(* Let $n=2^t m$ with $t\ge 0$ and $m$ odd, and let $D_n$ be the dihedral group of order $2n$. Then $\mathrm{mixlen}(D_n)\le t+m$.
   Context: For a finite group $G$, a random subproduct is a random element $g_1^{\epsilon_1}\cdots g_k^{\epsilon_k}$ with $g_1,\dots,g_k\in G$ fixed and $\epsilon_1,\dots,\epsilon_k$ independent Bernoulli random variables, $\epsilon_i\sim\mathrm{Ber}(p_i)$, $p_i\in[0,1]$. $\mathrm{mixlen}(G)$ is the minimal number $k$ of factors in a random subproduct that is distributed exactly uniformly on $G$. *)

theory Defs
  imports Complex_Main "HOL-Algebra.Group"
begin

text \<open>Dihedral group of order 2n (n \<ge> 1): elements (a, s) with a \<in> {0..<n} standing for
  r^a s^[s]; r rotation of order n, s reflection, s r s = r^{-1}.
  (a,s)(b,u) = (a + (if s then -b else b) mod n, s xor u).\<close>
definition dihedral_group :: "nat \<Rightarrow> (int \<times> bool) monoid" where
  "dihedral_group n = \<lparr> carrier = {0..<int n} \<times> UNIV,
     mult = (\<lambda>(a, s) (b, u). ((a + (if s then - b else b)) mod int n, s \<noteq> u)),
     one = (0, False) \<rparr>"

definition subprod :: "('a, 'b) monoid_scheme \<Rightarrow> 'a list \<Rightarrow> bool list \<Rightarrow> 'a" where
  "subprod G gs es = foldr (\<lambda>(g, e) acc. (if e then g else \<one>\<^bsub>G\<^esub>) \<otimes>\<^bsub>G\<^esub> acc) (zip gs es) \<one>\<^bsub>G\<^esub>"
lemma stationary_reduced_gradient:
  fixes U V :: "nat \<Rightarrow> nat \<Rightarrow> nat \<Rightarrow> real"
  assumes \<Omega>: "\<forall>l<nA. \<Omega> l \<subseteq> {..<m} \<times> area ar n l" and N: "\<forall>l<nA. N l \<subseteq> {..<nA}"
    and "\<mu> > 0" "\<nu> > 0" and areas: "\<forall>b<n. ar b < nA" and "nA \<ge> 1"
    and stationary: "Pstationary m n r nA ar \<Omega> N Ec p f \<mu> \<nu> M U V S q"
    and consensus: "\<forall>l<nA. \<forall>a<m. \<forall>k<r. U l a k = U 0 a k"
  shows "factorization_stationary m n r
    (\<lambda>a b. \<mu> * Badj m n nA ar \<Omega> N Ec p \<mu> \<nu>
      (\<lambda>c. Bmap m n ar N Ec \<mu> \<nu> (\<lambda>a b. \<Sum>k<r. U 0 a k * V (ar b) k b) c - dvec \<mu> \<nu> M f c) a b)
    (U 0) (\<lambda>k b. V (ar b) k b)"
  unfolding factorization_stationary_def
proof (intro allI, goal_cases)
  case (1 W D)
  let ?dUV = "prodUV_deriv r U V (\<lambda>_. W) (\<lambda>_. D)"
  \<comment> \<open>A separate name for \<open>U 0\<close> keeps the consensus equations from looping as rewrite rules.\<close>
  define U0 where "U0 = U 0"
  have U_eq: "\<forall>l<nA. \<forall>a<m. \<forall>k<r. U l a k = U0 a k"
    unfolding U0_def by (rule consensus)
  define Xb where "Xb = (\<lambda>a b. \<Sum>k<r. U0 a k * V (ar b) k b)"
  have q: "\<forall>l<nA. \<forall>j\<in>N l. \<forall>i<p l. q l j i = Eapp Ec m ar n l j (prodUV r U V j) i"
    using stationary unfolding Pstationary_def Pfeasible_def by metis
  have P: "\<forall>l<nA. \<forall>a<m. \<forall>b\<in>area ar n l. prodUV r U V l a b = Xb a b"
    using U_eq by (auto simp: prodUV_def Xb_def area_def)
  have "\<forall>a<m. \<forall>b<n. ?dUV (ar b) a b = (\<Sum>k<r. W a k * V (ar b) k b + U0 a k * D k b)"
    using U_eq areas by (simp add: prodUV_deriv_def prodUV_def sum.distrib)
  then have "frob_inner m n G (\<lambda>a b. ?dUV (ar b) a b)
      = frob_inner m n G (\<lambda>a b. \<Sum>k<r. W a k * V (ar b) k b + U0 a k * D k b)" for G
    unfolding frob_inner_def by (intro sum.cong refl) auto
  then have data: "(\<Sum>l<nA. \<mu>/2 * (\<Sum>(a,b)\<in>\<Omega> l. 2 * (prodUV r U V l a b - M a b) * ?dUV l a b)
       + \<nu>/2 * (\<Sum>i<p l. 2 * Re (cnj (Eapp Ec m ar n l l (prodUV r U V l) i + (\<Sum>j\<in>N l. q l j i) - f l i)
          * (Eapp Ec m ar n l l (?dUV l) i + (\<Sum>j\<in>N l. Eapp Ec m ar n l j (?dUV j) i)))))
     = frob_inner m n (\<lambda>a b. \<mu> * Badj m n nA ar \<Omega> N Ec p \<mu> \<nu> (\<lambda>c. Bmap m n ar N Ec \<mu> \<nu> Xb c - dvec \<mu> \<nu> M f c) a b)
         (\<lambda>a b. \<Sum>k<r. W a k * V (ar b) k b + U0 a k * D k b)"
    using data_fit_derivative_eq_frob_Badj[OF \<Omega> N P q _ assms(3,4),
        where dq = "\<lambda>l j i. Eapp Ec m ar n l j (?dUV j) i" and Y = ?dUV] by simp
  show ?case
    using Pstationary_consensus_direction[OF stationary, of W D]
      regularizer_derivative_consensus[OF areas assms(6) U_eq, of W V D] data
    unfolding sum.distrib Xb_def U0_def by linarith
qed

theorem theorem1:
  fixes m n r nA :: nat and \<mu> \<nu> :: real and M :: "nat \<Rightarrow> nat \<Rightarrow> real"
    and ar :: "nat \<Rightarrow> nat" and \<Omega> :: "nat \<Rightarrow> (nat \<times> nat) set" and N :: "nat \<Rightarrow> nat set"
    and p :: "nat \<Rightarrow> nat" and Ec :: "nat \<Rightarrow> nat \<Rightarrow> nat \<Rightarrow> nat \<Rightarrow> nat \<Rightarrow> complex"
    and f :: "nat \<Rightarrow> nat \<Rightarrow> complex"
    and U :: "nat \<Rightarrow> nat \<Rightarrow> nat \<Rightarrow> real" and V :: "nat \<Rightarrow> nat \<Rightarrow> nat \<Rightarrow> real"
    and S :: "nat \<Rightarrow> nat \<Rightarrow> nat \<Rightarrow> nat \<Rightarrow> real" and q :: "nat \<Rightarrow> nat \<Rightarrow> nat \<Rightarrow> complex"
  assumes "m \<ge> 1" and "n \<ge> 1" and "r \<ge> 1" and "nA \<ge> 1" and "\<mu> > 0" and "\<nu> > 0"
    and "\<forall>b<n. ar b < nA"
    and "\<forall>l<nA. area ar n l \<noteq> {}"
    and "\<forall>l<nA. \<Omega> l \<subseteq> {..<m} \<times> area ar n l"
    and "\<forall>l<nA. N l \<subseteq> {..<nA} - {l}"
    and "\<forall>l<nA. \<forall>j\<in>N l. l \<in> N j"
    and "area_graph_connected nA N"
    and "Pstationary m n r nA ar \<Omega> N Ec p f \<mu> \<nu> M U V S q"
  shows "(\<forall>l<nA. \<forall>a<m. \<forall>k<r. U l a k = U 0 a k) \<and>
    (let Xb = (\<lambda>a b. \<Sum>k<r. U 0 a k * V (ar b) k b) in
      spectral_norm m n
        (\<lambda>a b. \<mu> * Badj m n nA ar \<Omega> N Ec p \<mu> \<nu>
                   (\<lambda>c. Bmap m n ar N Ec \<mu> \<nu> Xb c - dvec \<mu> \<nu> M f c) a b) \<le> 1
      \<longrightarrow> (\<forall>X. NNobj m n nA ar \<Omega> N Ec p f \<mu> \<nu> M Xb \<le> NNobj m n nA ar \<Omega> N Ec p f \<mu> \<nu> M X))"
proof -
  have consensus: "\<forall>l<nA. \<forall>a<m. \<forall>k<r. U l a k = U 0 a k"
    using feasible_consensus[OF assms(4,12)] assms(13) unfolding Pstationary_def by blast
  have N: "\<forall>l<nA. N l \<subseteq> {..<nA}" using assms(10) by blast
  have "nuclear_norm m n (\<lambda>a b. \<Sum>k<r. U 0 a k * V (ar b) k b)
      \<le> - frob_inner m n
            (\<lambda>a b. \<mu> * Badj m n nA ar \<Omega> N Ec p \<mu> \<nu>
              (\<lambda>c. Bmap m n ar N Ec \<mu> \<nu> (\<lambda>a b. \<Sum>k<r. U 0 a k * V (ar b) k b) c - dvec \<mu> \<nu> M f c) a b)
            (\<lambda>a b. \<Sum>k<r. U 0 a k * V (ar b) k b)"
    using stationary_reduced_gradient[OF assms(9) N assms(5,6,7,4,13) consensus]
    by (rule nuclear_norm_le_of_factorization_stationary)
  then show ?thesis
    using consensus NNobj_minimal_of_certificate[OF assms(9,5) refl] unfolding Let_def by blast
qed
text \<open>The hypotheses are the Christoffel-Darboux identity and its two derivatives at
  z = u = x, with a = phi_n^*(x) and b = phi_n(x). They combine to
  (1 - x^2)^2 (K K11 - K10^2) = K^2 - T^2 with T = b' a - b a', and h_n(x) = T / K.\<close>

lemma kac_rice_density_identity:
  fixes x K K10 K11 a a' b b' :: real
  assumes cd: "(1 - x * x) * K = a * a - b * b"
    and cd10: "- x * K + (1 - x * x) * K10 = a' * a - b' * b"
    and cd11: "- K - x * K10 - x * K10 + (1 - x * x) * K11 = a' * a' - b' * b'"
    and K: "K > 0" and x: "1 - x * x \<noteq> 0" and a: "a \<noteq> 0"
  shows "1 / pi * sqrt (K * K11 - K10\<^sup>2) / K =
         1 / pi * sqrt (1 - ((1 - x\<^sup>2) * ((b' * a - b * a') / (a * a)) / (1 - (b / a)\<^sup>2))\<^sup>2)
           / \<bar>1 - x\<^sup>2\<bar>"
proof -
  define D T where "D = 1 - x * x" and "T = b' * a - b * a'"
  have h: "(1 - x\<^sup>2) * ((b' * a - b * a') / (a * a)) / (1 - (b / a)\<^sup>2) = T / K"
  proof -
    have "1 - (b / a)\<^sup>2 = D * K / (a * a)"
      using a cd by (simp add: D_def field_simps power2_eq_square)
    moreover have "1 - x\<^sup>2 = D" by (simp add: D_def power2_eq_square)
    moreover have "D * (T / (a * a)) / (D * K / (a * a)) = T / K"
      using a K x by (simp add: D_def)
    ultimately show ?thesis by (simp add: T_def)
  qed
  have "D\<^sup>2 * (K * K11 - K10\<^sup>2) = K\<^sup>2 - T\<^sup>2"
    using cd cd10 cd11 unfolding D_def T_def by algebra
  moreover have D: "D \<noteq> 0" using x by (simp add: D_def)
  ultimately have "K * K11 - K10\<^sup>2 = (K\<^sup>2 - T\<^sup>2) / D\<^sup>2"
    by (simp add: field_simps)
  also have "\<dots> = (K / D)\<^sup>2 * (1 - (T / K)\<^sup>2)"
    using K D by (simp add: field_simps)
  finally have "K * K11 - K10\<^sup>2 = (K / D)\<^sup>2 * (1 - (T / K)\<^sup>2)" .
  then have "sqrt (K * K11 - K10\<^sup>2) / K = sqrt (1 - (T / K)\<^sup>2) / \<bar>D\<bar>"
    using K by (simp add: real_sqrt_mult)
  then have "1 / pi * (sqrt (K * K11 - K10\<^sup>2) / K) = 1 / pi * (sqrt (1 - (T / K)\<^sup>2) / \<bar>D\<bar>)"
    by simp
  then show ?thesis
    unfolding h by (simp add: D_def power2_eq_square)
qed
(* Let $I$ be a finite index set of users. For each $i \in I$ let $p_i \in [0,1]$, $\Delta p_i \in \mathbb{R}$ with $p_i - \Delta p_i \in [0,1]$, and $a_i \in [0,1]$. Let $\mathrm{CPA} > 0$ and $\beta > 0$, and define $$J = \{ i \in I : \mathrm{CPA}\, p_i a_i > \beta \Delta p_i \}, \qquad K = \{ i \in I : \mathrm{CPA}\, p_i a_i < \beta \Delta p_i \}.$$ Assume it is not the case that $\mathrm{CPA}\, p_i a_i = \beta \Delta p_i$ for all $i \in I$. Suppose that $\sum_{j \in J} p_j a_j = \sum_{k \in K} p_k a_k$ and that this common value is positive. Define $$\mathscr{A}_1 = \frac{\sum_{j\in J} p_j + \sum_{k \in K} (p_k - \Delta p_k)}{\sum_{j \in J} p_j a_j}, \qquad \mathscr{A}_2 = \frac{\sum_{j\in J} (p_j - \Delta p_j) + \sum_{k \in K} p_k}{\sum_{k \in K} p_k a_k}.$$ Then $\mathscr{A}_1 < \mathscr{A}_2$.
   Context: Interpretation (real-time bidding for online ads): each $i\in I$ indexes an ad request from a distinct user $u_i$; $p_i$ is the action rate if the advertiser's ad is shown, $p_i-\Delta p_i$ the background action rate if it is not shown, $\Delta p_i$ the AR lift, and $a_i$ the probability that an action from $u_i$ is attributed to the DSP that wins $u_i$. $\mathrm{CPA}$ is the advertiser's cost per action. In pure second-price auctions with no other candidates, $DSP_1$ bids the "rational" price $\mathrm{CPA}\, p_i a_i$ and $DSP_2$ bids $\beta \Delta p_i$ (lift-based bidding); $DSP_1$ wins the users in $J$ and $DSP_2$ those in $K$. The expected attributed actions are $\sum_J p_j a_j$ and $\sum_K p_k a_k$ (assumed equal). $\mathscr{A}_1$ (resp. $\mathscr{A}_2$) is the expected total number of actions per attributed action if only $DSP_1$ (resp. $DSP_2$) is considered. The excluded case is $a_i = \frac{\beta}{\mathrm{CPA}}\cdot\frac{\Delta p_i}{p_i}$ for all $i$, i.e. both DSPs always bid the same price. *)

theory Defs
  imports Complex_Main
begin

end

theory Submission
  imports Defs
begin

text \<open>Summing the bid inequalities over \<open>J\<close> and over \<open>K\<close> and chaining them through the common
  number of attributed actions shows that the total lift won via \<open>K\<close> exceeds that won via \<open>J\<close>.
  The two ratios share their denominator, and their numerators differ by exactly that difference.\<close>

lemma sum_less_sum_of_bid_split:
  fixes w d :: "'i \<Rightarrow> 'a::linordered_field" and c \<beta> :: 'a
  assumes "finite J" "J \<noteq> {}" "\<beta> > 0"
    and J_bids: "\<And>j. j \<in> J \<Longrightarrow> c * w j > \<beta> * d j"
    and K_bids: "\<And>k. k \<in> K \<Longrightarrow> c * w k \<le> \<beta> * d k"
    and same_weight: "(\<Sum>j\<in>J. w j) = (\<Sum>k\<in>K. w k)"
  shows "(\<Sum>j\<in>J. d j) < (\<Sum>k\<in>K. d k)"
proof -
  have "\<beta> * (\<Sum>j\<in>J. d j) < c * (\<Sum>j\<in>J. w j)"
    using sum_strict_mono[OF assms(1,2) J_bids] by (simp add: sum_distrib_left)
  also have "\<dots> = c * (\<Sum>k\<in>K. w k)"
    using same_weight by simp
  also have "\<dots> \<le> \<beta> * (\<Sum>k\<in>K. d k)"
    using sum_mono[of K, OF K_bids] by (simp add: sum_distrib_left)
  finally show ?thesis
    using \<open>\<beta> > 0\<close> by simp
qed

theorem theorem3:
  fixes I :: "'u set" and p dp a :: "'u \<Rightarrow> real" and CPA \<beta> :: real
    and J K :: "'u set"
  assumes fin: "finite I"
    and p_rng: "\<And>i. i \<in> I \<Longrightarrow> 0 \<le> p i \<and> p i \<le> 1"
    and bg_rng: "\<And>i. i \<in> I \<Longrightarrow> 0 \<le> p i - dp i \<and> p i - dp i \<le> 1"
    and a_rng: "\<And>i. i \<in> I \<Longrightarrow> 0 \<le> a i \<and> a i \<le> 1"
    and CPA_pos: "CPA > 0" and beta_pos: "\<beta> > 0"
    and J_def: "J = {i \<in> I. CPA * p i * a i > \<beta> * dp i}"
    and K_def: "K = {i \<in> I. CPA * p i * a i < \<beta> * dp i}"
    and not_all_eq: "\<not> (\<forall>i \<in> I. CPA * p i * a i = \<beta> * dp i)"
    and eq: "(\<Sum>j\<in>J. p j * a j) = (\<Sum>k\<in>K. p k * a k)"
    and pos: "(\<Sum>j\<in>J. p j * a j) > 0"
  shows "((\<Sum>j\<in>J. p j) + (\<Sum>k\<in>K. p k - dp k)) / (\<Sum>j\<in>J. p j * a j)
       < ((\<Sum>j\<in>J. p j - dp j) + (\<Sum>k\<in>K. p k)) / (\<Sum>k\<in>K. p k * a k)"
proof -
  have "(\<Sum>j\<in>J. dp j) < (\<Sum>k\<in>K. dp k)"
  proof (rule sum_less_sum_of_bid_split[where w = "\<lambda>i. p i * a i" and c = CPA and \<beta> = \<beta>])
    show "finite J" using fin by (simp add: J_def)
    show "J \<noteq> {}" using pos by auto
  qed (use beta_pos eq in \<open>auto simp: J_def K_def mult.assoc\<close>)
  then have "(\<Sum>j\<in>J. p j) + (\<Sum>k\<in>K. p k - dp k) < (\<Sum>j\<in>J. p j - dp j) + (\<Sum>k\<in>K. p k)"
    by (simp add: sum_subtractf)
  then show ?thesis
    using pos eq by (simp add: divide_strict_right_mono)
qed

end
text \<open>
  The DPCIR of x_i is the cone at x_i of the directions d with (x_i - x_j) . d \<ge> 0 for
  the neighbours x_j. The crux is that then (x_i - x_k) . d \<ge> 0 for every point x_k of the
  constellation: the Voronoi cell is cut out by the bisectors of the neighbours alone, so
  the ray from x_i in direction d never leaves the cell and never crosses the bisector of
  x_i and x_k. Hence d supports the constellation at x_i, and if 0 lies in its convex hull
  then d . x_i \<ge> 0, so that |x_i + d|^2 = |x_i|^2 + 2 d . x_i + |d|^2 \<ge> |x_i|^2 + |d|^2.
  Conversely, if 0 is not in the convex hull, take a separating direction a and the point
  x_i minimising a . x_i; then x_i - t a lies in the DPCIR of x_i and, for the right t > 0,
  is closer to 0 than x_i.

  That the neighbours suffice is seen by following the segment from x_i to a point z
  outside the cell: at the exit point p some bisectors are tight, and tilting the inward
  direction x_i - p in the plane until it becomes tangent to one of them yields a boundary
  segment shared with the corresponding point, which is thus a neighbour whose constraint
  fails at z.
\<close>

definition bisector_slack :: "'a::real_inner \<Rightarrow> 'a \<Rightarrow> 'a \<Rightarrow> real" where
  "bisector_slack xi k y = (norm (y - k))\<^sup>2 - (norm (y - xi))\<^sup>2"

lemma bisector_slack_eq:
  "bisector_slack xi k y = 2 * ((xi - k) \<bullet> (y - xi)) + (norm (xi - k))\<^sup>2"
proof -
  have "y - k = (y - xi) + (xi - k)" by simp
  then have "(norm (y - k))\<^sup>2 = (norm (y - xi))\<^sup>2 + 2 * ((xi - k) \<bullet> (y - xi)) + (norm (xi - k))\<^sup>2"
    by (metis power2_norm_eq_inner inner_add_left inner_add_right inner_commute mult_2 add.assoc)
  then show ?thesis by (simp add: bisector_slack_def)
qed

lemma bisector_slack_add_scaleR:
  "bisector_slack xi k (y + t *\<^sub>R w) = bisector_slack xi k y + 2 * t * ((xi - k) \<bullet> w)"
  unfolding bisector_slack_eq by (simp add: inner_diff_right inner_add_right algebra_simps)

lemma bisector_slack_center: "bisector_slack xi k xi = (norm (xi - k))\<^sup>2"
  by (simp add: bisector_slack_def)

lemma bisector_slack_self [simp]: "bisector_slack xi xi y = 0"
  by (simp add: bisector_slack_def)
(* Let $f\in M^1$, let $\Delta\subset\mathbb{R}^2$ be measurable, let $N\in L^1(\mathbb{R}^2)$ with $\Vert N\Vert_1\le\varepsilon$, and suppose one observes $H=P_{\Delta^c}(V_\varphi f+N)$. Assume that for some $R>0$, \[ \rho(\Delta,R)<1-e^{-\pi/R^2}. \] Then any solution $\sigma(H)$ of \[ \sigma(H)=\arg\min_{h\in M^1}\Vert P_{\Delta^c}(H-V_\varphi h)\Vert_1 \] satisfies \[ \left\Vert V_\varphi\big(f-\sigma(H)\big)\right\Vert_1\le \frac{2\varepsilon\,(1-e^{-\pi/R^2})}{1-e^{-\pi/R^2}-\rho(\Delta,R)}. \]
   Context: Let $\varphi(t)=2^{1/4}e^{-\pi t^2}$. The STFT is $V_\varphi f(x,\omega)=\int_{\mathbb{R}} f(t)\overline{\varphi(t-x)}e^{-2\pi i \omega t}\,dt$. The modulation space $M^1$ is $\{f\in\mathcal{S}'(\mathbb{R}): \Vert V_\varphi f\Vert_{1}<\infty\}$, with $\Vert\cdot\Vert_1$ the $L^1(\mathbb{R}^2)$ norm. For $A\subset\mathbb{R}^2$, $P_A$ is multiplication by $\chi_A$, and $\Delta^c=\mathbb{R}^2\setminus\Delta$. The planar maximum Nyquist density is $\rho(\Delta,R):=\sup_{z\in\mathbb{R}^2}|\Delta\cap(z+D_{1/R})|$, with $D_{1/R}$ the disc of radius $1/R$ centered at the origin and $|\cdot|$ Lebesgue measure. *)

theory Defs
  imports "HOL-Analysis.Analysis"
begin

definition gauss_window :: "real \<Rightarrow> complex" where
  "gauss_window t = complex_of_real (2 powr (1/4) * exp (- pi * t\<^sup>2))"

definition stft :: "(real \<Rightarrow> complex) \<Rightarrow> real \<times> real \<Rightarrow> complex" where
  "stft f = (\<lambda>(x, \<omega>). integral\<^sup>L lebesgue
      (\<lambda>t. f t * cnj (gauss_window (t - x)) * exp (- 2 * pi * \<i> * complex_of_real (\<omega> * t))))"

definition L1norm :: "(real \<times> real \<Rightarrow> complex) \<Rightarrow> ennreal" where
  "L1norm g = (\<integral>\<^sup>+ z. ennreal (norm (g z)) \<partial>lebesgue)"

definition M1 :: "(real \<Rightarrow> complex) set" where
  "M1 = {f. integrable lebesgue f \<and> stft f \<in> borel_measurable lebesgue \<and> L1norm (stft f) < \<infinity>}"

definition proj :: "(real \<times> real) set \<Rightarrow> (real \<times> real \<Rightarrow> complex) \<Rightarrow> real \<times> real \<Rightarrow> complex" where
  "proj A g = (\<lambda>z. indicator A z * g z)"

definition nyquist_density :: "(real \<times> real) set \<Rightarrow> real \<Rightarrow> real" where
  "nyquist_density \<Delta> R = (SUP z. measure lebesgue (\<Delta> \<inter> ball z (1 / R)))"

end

Brief =
In the listing above, find the lines holding the word "cell" and copy them.

Written solution =
  constellation: the Voronoi cell is cut out by the bisectors of the neighbours alone, so
  the ray from x_i in direction d never leaves the cell and never crosses the bisector of
  outside the cell: at the exit point p some bisectors are tight, and tilting the inward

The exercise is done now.